In the environment of 25 DEG C of 60%RH, 10 original edition of lithographic printing plate (10cm × 65cm) are carried out with the damping of 2 hours Afterwards, stack gradually in the state of the sandwiching of linerless in the same direction and be used as layered product.With the ox with aluminium laminate layer Mulberry paper packs the layered product, and is clamped up and down with 5cm × 5cm stainless steel (SUS) plate, with the load as 500kgf Mode pressurizeed with vise.With the state pressurizeed, placed under 25 DEG C of environment 5 days.Then, to be commented with scratch Valency identical condition has carried out exposure, development, printing to original edition of lithographic printing plate.In printing process, by the 1st, 000 printing Thing samples as sample, and detected by an unaided eye the degree that cut pollutes caused by impression.Evaluation is entered according to following benchmark OK, 3 be practical threshold level, and less than 2 be the level being impermissible in practical.

5：It is pollution-free.

4：It can not confirm in visuognosis, but locally lie in and can be polluted with the cut that the magnifying glass of 6 multiplying powers confirms.

3：It can not confirm in visuognosis, but it is dirty in the presence of the cut that the magnifying glass of 6 multiplying powers confirms can be used in entire surface Dye.

2：Locally lying in being capable of the pollution arrived of visuognosis.

1：Existing in entire surface being capable of the pollution arrived of visuognosis.

The Bake smoothness on the original edition of lithographic printing plate back side (back coating surface) is determined according to JIS P8119 (1998). On measure, using KUMAGAI RIKI KOGYO Co., Ltd.s Bake smoothness testing machine, with the 1/10 of standard null tolerance That is 1ml air capacity is determined.From the viewpoint of the integrated displacement for preventing original edition of lithographic printing plate, Bake smoothness is excellent Elect less than 200 seconds, more preferably less than 100 seconds, more preferably less than 50 seconds as.

Each composition in table F used in described back coating is for example following.

Polyester resin 1：KEMIT K-588 TORAY INDUSTRIES, INC. system, (Tg：100℃)

Polymer emulsion 1：Acrylic polymer latex (AE-337 JSR CORPORATION systems, (Tg：-30℃)

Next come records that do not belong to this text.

lemma has_real_derivative_0_of_quadratic_remainder:
  fixes \<phi> :: "real \<Rightarrow> real"
  assumes "\<delta> > 0" and remainder: "\<And>w. \<bar>w\<bar> \<le> \<delta> \<Longrightarrow> \<bar>\<phi> w - \<phi> 0 - w * L\<bar> \<le> w^2 * B"
  shows "(\<phi> has_real_derivative L) (at 0)"
proof -
  have "eventually (\<lambda>w. norm ((\<phi> w - \<phi> 0) / (w - 0) - L) \<le> \<bar>w\<bar> * B) (at 0)"
    unfolding eventually_at
  proof (intro exI[of _ \<delta>] conjI ballI impI)
    fix w :: real
    assume "w \<noteq> 0 \<and> dist w 0 < \<delta>"
    then have "w \<noteq> 0" "\<bar>w\<bar> \<le> \<delta>"
      by auto
    have "(\<phi> w - \<phi> 0) / (w - 0) - L = (\<phi> w - \<phi> 0 - w * L) / w"
      using \<open>w \<noteq> 0\<close> by (simp add: field_simps)
    then have "norm ((\<phi> w - \<phi> 0) / (w - 0) - L) = \<bar>\<phi> w - \<phi> 0 - w * L\<bar> / \<bar>w\<bar>"
      by simp
    also have "\<dots> \<le> \<bar>w\<bar> * \<bar>w\<bar> * B / \<bar>w\<bar>"
      using remainder[OF \<open>\<bar>w\<bar> \<le> \<delta>\<close>] by (intro divide_right_mono) (simp_all add: power2_eq_square)
    also have "\<dots> = \<bar>w\<bar> * B"
      using \<open>w \<noteq> 0\<close> by (simp del: abs_mult_self_eq)
    finally show "norm ((\<phi> w - \<phi> 0) / (w - 0) - L) \<le> \<bar>w\<bar> * B" .
  qed (use \<open>\<delta> > 0\<close> in simp)
  moreover have "((\<lambda>w. \<bar>w\<bar> * B) \<longlongrightarrow> 0) (at 0)"
    by (auto intro!: tendsto_eq_intros)
  ultimately have "((\<lambda>w. (\<phi> w - \<phi> 0) / (w - 0) - L) \<longlongrightarrow> 0) (at 0)"
    by (rule Lim_null_comparison)
  then show ?thesis
    unfolding has_field_derivative_iff LIM_zero_iff .
qed

context
  fixes M :: "'a measure" and T :: "'a \<Rightarrow> real" and a :: real
  assumes T_measurable: "T \<in> borel_measurable M" and "a > 0"
    and integrable_exp_pos: "integrable M (\<lambda>s. exp (a * T s))"
    and integrable_exp_neg: "integrable M (\<lambda>s. exp (- a * T s))"
begin

lemma integrable_exp_mult_of_exp_pm:
  assumes "\<bar>w\<bar> \<le> a"
  shows "integrable M (\<lambda>s. exp (w * T s))"
proof (rule Bochner_Integration.integrable_bound)
  show "integrable M (\<lambda>s. exp (a * T s) + exp (- a * T s))"
    using integrable_exp_pos integrable_exp_neg by (rule Bochner_Integration.integrable_add)
  have "exp (w * t) \<le> exp (a * t) + exp (- a * t)" for t
  proof -
    have "w * t \<le> \<bar>w\<bar> * \<bar>t\<bar>"
      by (metis abs_ge_self abs_mult)
    also have "\<dots> \<le> \<bar>a * t\<bar>"
      using mult_right_mono[OF assms abs_ge_zero[of t]] \<open>a > 0\<close> by (simp add: abs_mult)
    finally have "exp (w * t) \<le> exp \<bar>a * t\<bar>"
      by simp
    then show ?thesis
      using order.trans[OF _ exp_abs_le_exp_plus_exp_minus[of "a * t"]] by simp
  qed
  then show "AE s in M. norm (exp (w * T s)) \<le> norm (exp (a * T s) + exp (- a * T s))"
    by (intro AE_I2) (simp add: add_pos_pos order.trans)
qed (use T_measurable in measurable)

lemma integrable_of_exp_pm: "integrable M T"
proof (rule Bochner_Integration.integrable_bound)
  show "integrable M (\<lambda>s. (exp (a * T s) + exp (- a * T s)) / a)"
    using integrable_exp_pos integrable_exp_neg
    by (intro integrable_divide Bochner_Integration.integrable_add)
  have "\<bar>t\<bar> \<le> (exp (a * t) + exp (- a * t)) / a" for t
  proof -
    have "a * \<bar>t\<bar> \<le> exp (a * \<bar>t\<bar>)"
      using exp_ge_add_one_self[of "a * \<bar>t\<bar>"] by linarith
    also have "\<dots> = exp \<bar>a * t\<bar>"
      using \<open>a > 0\<close> by (simp add: abs_mult)
    also have "\<dots> \<le> exp (a * t) + exp (- a * t)"
      using exp_abs_le_exp_plus_exp_minus[of "a * t"] by simp
    finally show ?thesis
      using \<open>a > 0\<close> by (simp add: field_simps)
  qed
  then show "AE s in M. norm (T s) \<le> norm ((exp (a * T s) + exp (- a * T s)) / a)"
    using \<open>a > 0\<close> by (intro AE_I2) (simp add: order.trans[OF _ abs_ge_self])
qed (rule T_measurable)
theorem lemma5p2p6:
  fixes n :: nat and C :: circuit
  assumes "clifford_circuit n C"
  shows "\<exists>Ct. clifford_circuit n Ct \<and> length Ct = 2 * length C \<and>
           (\<forall>t < length Ct. (even t \<longrightarrow> prep_meas_layer (Ct ! t)) \<and>
                            (odd t \<longrightarrow> unitary_layer (Ct ! t))) \<and>
           simulates n Ct C"
proof (intro exI conjI allI impI)
  show "clifford_circuit n (split_layers C)"
    using assms by (rule clifford_circuit_split_layers)
  show "length (split_layers C) = 2 * length C"
    by (rule length_split_layers)
  show "prep_meas_layer (split_layers C ! t)" if "t < length (split_layers C)" "even t" for t
    using that by (simp add: length_split_layers nth_split_layers prep_meas_layer_prep_meas_part)
  show "unitary_layer (split_layers C ! t)" if "t < length (split_layers C)" "odd t" for t
    using that by (simp add: length_split_layers nth_split_layers unitary_layer_unitary_part)
  have same_output: "map_pmf (noisy_sem n C) (map_pmf (pushed_noise C) F) = map_pmf (noisy_sem n (split_layers C)) F"
    for F
    using assms by (simp add: pmf.map_comp noisy_sem_split_layers)
  show "simulates n (split_layers C) C"
    unfolding simulates_def
  proof (rule exI[of _ 3], rule exI[of _ "1/2"], intro conjI allI impI)
    fix p :: real and F
    assume "0 \<le> p \<and> p \<le> 1" "local_stochastic (length (split_layers C)) n p F"
    then have "local_stochastic (length C) n (3 * p powr (1/2)) (map_pmf (pushed_noise C) F)"
      using assms by (intro local_stochastic_pushed_noise) (auto simp: length_split_layers)
    with same_output show "\<exists>F'. local_stochastic (length C) n (3 * p powr (1/2)) F'
        \<and> map_pmf (noisy_sem n C) F' = map_pmf (noisy_sem n (split_layers C)) F"
      by blast
  qed simp_all
qed

end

Acrylic resin particle covered with silica：ART PEARL J-7P Negami Chemical Industrial Co., Ltd systems

Melmac particle covered with silica：OPTBEADS 6500M Nissan Chemical Industries, Ltd. system

Polyurethane resin particle covered with silica：ART PEARL C-800T Negami Chemical Industrial Co., Ltd systems

Acrylic resin particle：MX-500 Soken Chemical＆Engineering Co., Ltd.s system

Polyvinyl resin particle：CHEMIPEARL W200 Mitsui Chemicals, Inc. systems

Styrene resin beads：CHEMISNOW SX-500H Soken Chemical＆Engineering Co., Ltd. make

It is involved in the present invention to have comprising special metal oxide and specific particle it was found from the result shown in table F The original edition of lithographic printing plate of back coating is excellent in any one evaluation in landing property, caking property, scratch and impression, also, Even if linerless and be laminated, integrated displacement will not also occur.In addition, with the back coating for being unsatisfactory for important document involved in the present invention Comparative example any one evaluation in landing property, caking property, scratch, impression and integrated displacement of original edition of lithographic printing plate in It is insufficient.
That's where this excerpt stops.